I hope the Senate will act quickly to pass legislation strengthening the government's authority to crack down on rampant speculation in the energy markets and call on my Republican colleagues to take action that will help consumers in the near term, instead of resorting to political gimmickry.

I appreciate the courtesy of the Chair, and I yield the floor.

Chair: The Senator from Tennessee.

Sen. Bob Corker [R-TN]: Would the Chair remind me of how much time I have.

Chair: The Senator has up to 10 minutes.

Sen. Bob Corker [R-TN]: If you wouldn't mind letting me know when 60 seconds remain.

Chair: I would be happy to notify the Senator when he has 60 seconds remaining.

Sen. Bob Corker [R-TN]: You are a most helpful Chair, and I thank you so much.

Madam President, I rise to talk about energy today. My good friend from Rhode Island mentioned how we would like to vote, and I agree with him. I think it is an amazing thing that the biggest issue in the country today is energy and here we are, in the greatest deliberative body in the world, for some reason, not allowed to vote to try to solve this particular issue.

I had a townhall meeting last night. On the telephone, we had about 1,200 callers at all times. I can assure you that while other subject matters arose, the issue constituents care most about today is gasoline prices.

I am part of a bipartisan group that is trying to craft some kind of legislation to pass, and we were all asked to put down on a piece of paper those things we think ought to be considered and those things that should not be considered--five Republicans and five Democrats. After we did that, there were many things we all agreed should at least be discussed as part of an energy bill. Yet it is fascinating to me that when we have an issue of supply and demand--and I think contrary to what my friend from Rhode Island said, most economists all agree there is a supply-and-demand issue--an issue where we have continuing demand throughout the world and in this country and we have lessening of supplies and, in fact, the price of oil continues to rise, it is interesting to me that when we have this phenomenon of supply and demand, we focus on speculation.
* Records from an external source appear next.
(* Every trigraph $G$ admits a partial contraction sequence of width at most $4\Delta(G)$ whose final quotient is an asymmetric trigraph $H$ with $\Delta(H)\leq\Delta(G)$.
   Context: A trigraph is a finite simple graph whose edges are each colored red or black; $\Delta$ denotes maximum degree (both colors). A trigraph is asymmetric if the automorphism group of its underlying simple graph is trivial. The red degree of a vertex is the number of red edges incident to it. For a partition $\mathcal{P}$ of $V(G)$, the quotient trigraph $G/\mathcal{P}$ has vertex set $\mathcal{P}$; two distinct parts $U,W$ are joined by a black edge if every pair $\{u,w\}$ with $u\in U,w\in W$ is a black edge of $G$, are non-adjacent if no such pair is an edge, and are joined by a red edge otherwise. A partial contraction sequence of an $n$-vertex trigraph $G$ is a sequence $\mathcal{P}_n,\dots,\mathcal{P}_i$ of partitions of $V(G)$ where $\mathcal{P}_n$ is the partition into singletons and each $\mathcal{P}_j$ arises from $\mathcal{P}_{j+1}$ by merging two parts; its width is the maximum red degree over all $G/\mathcal{P}_j$ in the sequence, and its final quotient is $G/\mathcal{P}_i$. *)

theory Defs
  imports Main
begin

record 'a trigraph =
  verts :: "'a set"
  edges :: "'a set set"
  red   :: "'a set set"

definition is_trigraph :: "'a trigraph \<Rightarrow> bool" where
  "is_trigraph G \<longleftrightarrow> finite (verts G)
     \<and> edges G \<subseteq> {{u, v} | u v. u \<in> verts G \<and> v \<in> verts G \<and> u \<noteq> v}
     \<and> red G \<subseteq> edges G"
Now, this is one of those bills, unfortunately, Madam President--and I know you are from the great State of Missouri and use a lot of common sense in the things you have done there--that is a ready, aim, fire bill. This is not a bill to be taken seriously. It is a bill to sort of take the American people's minds off the issue of supply and demand.
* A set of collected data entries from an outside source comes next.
(* Let $n\in\mathbb{N}$ and let $c_k\in\mathbb{C}$, $0\le k\le\lfloor (n-1)/3\rfloor$. If $$\Pi\sum_{k=0}^{\lfloor (n-1)/3\rfloor}c_k(z+\overline z)^{n-2k}(z^2-z\overline z+\overline z^2)^k=0,$$ then $c_k=0$ for all $k$.
   Context: Let $\omega=e^{2\pi\mathrm{i}/3}$. For a polynomial $f(z,\overline z)$ in $z$ and $\overline z$ (viewed as a function of $z\in\mathbb{C}$), $\Pi f(z,\overline z):=\frac13\big(2f(z,\overline z)-f(\omega^2z,\omega\overline z)-f(\omega z,\omega^2\overline z)\big)$. *)

theory Defs
  imports Complex_Main
begin

definition omega :: complex where
  "omega = cis (2 * pi / 3)"

text \<open>A polynomial f(z, conj z) is represented as a function of two complex arguments
  F z w (w standing for conj z). Pi_op F is again such a two-argument function.\<close>
definition Pi_op :: "(complex \<Rightarrow> complex \<Rightarrow> complex) \<Rightarrow> complex \<Rightarrow> complex \<Rightarrow> complex" where
  "Pi_op F z w = (2 * F z w - F (omega^2 * z) (omega * w) - F (omega * z) (omega^2 * w)) / 3"

end

theory Submission
  imports Defs "HOL-Analysis.Analysis" "HOL-Computational_Algebra.Polynomial"
begin

text \<open>With \<open>w = cnj z\<close>, \<open>s = z + w\<close> and \<open>q = z\<^sup>2 - z w + w\<^sup>2\<close>, the product \<open>s q = z\<^sup>3 + w\<^sup>3\<close> is
  invariant under \<open>z \<mapsto> \<omega> z\<close>, and \<open>\<Pi> f = 0\<close> forces \<open>f (\<omega> z) = f z\<close>. Write
  \<open>f = c\<^sub>0 s\<^sup>n + s q g\<close>; at \<open>z = \<i>\<close> we have \<open>s = 0\<close> but \<open>s = -\<surd>3\<close> at \<open>\<omega> \<i>\<close>, so \<open>c\<^sub>0 = 0\<close>.
  Then \<open>s q (g (\<omega> z) - g z) = 0\<close>, and as the zero set of \<open>s q\<close> has empty interior,
  \<open>g\<close> is again \<open>\<omega>\<close>-invariant; induct on \<open>n\<close>.\<close>

lemma omega_eq: "omega = Complex (-1/2) (sqrt 3 / 2)"
  unfolding omega_def by (simp add: cis.ctr cos_120 sin_120)

lemma omega_cube: "omega ^ 3 = 1"
proof -
  have "cis (2 * pi / 3) ^ 3 = cis (real 3 * (2 * pi / 3))" by (rule Complex.DeMoivre)
  then show ?thesis unfolding omega_def by simp
qed

lemma cnj_omega: "cnj omega = omega ^ 2"
  unfolding omega_eq by (simp add: complex_eq_iff power2_eq_square)

lemma cnj_omega_squared: "cnj (omega ^ 2) = omega"
proof -
  have "cnj (omega ^ 2) = omega ^ 3 * omega"
    by (simp add: cnj_omega power2_eq_square power3_eq_cube)
  then show ?thesis by (simp add: omega_cube)
qed

lemma Pi_op_conj_pair:
  "Pi_op F z (cnj z) =
     (2 * F z (cnj z) - F (omega^2 * z) (cnj (omega^2 * z)) - F (omega * z) (cnj (omega * z))) / 3"
  unfolding Pi_op_def complex_cnj_mult cnj_omega cnj_omega_squared ..

lemma rotation_invariant_if_balanced:
  fixes f :: "complex \<Rightarrow> complex" and r :: complex
  assumes r3: "r ^ 3 = 1" and balanced: "\<And>z. 2 * f z = f (r^2 * z) + f (r * z)"
  shows "f (r * z) = f z"
proof -
  have "2 * f (r * z) = f (r^2 * (r * z)) + f (r * (r * z))" by (rule balanced)
  also have "r^2 * (r * z) = z"
    using r3 by (simp add: power2_eq_square power3_eq_cube mult.assoc[symmetric])
  also have "r * (r * z) = r^2 * z" by (simp add: power2_eq_square)
  finally have rotated: "2 * f (r * z) = f z + f (r^2 * z)" .
  have "3 * f (r * z) = f (r * z) + (f z + f (r^2 * z))" using rotated by simp
  also have "\<dots> = 3 * f z" using balanced[of z] by simp
  finally show ?thesis by simp
qed

definition sq_poly :: "nat \<Rightarrow> (nat \<Rightarrow> complex) \<Rightarrow> complex \<Rightarrow> complex" where
  "sq_poly n c z = (\<Sum>k<(n + 2) div 3. c k * (z + cnj z) ^ (n - 2 * k) * (z^2 - z * cnj z + cnj z^2) ^ k)"

lemma sq_poly_continuous: "continuous_on UNIV (sq_poly n c)"
  unfolding sq_poly_def by (intro continuous_intros)

lemma terms_count_reduce: "n \<ge> 1 \<Longrightarrow> (n + 2) div 3 = Suc ((n - 3 + 2) div 3)"
  by presburger

lemma sq_poly_reduce:
  assumes "n \<ge> 1"
  shows "sq_poly n c z = c 0 * (z + cnj z) ^ n + (z^3 + cnj z^3) * sq_poly (n - 3) (\<lambda>k. c (Suc k)) z"
proof -
  let ?s = "z + cnj z" and ?q = "z^2 - z * cnj z + cnj z^2"
  have sq: "z^3 + cnj z^3 = ?s * ?q"
    by (simp add: algebra_simps power2_eq_square power3_eq_cube)
  have "(\<Sum>k<(n - 3 + 2) div 3. c (Suc k) * ?s ^ (n - 2 * Suc k) * ?q ^ Suc k)
      = (z^3 + cnj z^3) * sq_poly (n - 3) (\<lambda>k. c (Suc k)) z"
    unfolding sq_poly_def sum_distrib_left
  proof (rule sum.cong)
    fix k assume "k \<in> {..<(n - 3 + 2) div 3}"
    then have "n - 2 * Suc k = Suc (n - 3 - 2 * k)" by auto
    then show "c (Suc k) * ?s ^ (n - 2 * Suc k) * ?q ^ Suc k =
        (z^3 + cnj z^3) * (c (Suc k) * ?s ^ (n - 3 - 2 * k) * ?q ^ k)"
      unfolding sq by (simp add: algebra_simps)
  qed simp
  then show ?thesis
    unfolding sq_poly_def terms_count_reduce[OF assms] sum.lessThan_Suc_shift by simp
qed

lemma sum_cubes_conj_nonzero_near:
  fixes z :: complex
  shows "eventually (\<lambda>t::real. (z + of_real t)^3 + cnj (z + of_real t)^3 \<noteq> 0) (at 0)"
proof -
  define p where "p = [: z^3 + cnj z^3, 3 * (z^2 + cnj z^2), 3 * (z + cnj z), 2 :]"
  have p_eval: "poly p (of_real t) = (z + of_real t)^3 + cnj (z + of_real t)^3" for t
    unfolding p_def by (simp add: algebra_simps power2_eq_square power3_eq_cube)
  have "p \<noteq> 0" unfolding p_def by simp
  then have "finite {x. poly p x = 0}" by (rule poly_roots_finite)
  then have "finite (of_real -` {x. poly p x = 0} :: real set)"
    by (rule finite_vimageI) (simp add: inj_def)
  then have "finite {t::real. poly p (of_real t) = 0}" by (simp add: vimage_def)
  then have "eventually (\<lambda>t. t \<notin> {t::real. poly p (of_real t) = 0}) (at 0)"
    using islimpt_finite islimpt_iff_eventually by blast
  then show ?thesis by (simp add: p_eval)
qed

lemma vanishes_if_vanishes_off_sum_cubes_zeros:
  fixes h :: "complex \<Rightarrow> 'a::real_normed_vector"
  assumes cont: "continuous_on UNIV h" and vanish: "\<And>z. z^3 + cnj z^3 \<noteq> 0 \<Longrightarrow> h z = 0"
  shows "h z = 0"
proof -
  define g where "g t = h (z + of_real t)" for t :: real
  have "isCont g 0"
    unfolding g_def
    by (rule continuous_on_interior[of UNIV], intro continuous_intros continuous_on_compose2[OF cont]) auto
  then have "(g \<longlongrightarrow> g 0) (at 0)" by (simp add: isCont_def)
  moreover have "eventually (\<lambda>t. g t = 0) (at 0)"
    using sum_cubes_conj_nonzero_near[of z] by eventually_elim (simp add: g_def vanish)
  then have "(g \<longlongrightarrow> 0) (at 0)" by (rule tendsto_eventually)
  ultimately have "g 0 = 0" using tendsto_unique trivial_limit_at by blast
  then show ?thesis by (simp add: g_def)
qed

lemma sum_cubes_conj_rotate: "(omega * z)^3 + cnj (omega * z)^3 = z^3 + cnj z^3"
proof -
  have "cnj omega ^ 3 = 1" by (metis complex_cnj_one complex_cnj_power omega_cube)
  then show ?thesis by (simp add: power_mult_distrib omega_cube)
qed

lemma real_part_twice_omega_i: "omega * \<i> + cnj (omega * \<i>) = - of_real (sqrt 3)"
  unfolding omega_eq by (simp add: complex_eq_iff)

lemma sq_poly_rotation_invariant_imp_zero:
  assumes "\<And>z. sq_poly n c (omega * z) = sq_poly n c z" and "k < (n + 2) div 3"
  shows "c k = 0"
  using assms
proof (induction n arbitrary: c k rule: less_induct)
  case (less n)
  then have n1: "n \<ge> 1" by (cases n) auto
  define g where "g = sq_poly (n - 3) (\<lambda>k. c (Suc k))"
  have diff: "c 0 * ((omega * z + cnj (omega * z))^n - (z + cnj z)^n)
      + (z^3 + cnj z^3) * (g (omega * z) - g z) = 0" for z
    using less.prems(1)[of z] unfolding sq_poly_reduce[OF n1] g_def sum_cubes_conj_rotate
    by (simp add: algebra_simps)
  have "\<i> + cnj \<i> = 0" by simp
  with diff[of \<i>] n1 have "c 0 * (- of_real (sqrt 3))^n = 0"
    unfolding real_part_twice_omega_i by (simp add: power_0_left)
  then have c0: "c 0 = 0" by simp
  have "g (omega * z) - g z = 0" for z
  proof (rule vanishes_if_vanishes_off_sum_cubes_zeros[where h = "\<lambda>z. g (omega * z) - g z"])
    show "continuous_on UNIV (\<lambda>z. g (omega * z) - g z)"
      unfolding g_def by (intro continuous_intros continuous_on_compose2[OF sq_poly_continuous]) auto
  qed (use diff c0 in force)
  then have "c (Suc j) = 0" if "j < (n - 3 + 2) div 3" for j
    using less.IH[of "n - 3" "\<lambda>k. c (Suc k)" j] n1 that unfolding g_def by simp
  with c0 less.prems(2) show ?case
    unfolding terms_count_reduce[OF n1] by (cases k) auto
qed

theorem proposition21:
  fixes n :: nat and c :: "nat \<Rightarrow> complex"
  assumes "\<forall>z::complex. Pi_op (\<lambda>z w. \<Sum>k<(n + 2) div 3.
              c k * (z + w) ^ (n - 2 * k) * (z^2 - z * w + w^2) ^ k) z (cnj z) = 0"
  shows "\<forall>k<(n + 2) div 3. c k = 0"
proof -
  have "(2 * sq_poly n c z - sq_poly n c (omega^2 * z) - sq_poly n c (omega * z)) / 3 = 0" for z
    using assms[rule_format, of z] unfolding Pi_op_conj_pair sq_poly_def .
  then have "2 * sq_poly n c z = sq_poly n c (omega^2 * z) + sq_poly n c (omega * z)" for z
    by (simp add: algebra_simps)
  then have "sq_poly n c (omega * z) = sq_poly n c z" for z
    using rotation_invariant_if_balanced[OF omega_cube] by blast
  then show ?thesis using sq_poly_rotation_invariant_imp_zero by blast
qed

end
Let me read a couple of sentences. On page 14, it says:

Not later than 30 days after the date of enactment of this subsection, the Commission shall impose by rule or regulation speculative position limits on trading that is not legitimate hedge trading.

The bill is referring to the CFTC in that sentence. Then it goes further to say that they will, 30 days after enactment, put together an advisory group that, after 60 days, will make some recommendations. This is, of course, after the CFTC has already, per this "shall" language, imposed various requirements and stipulations on hedging in place. Then, after that, 270 days after that, this advisory commission will look back over what has occurred to see if it is right or wrong.

This bill is not on the floor to be taken seriously, and I think most of us who have talked with people throughout the industry realize that. Again, this is something to take the voters' minds off the real issue--the issue of supply and demand.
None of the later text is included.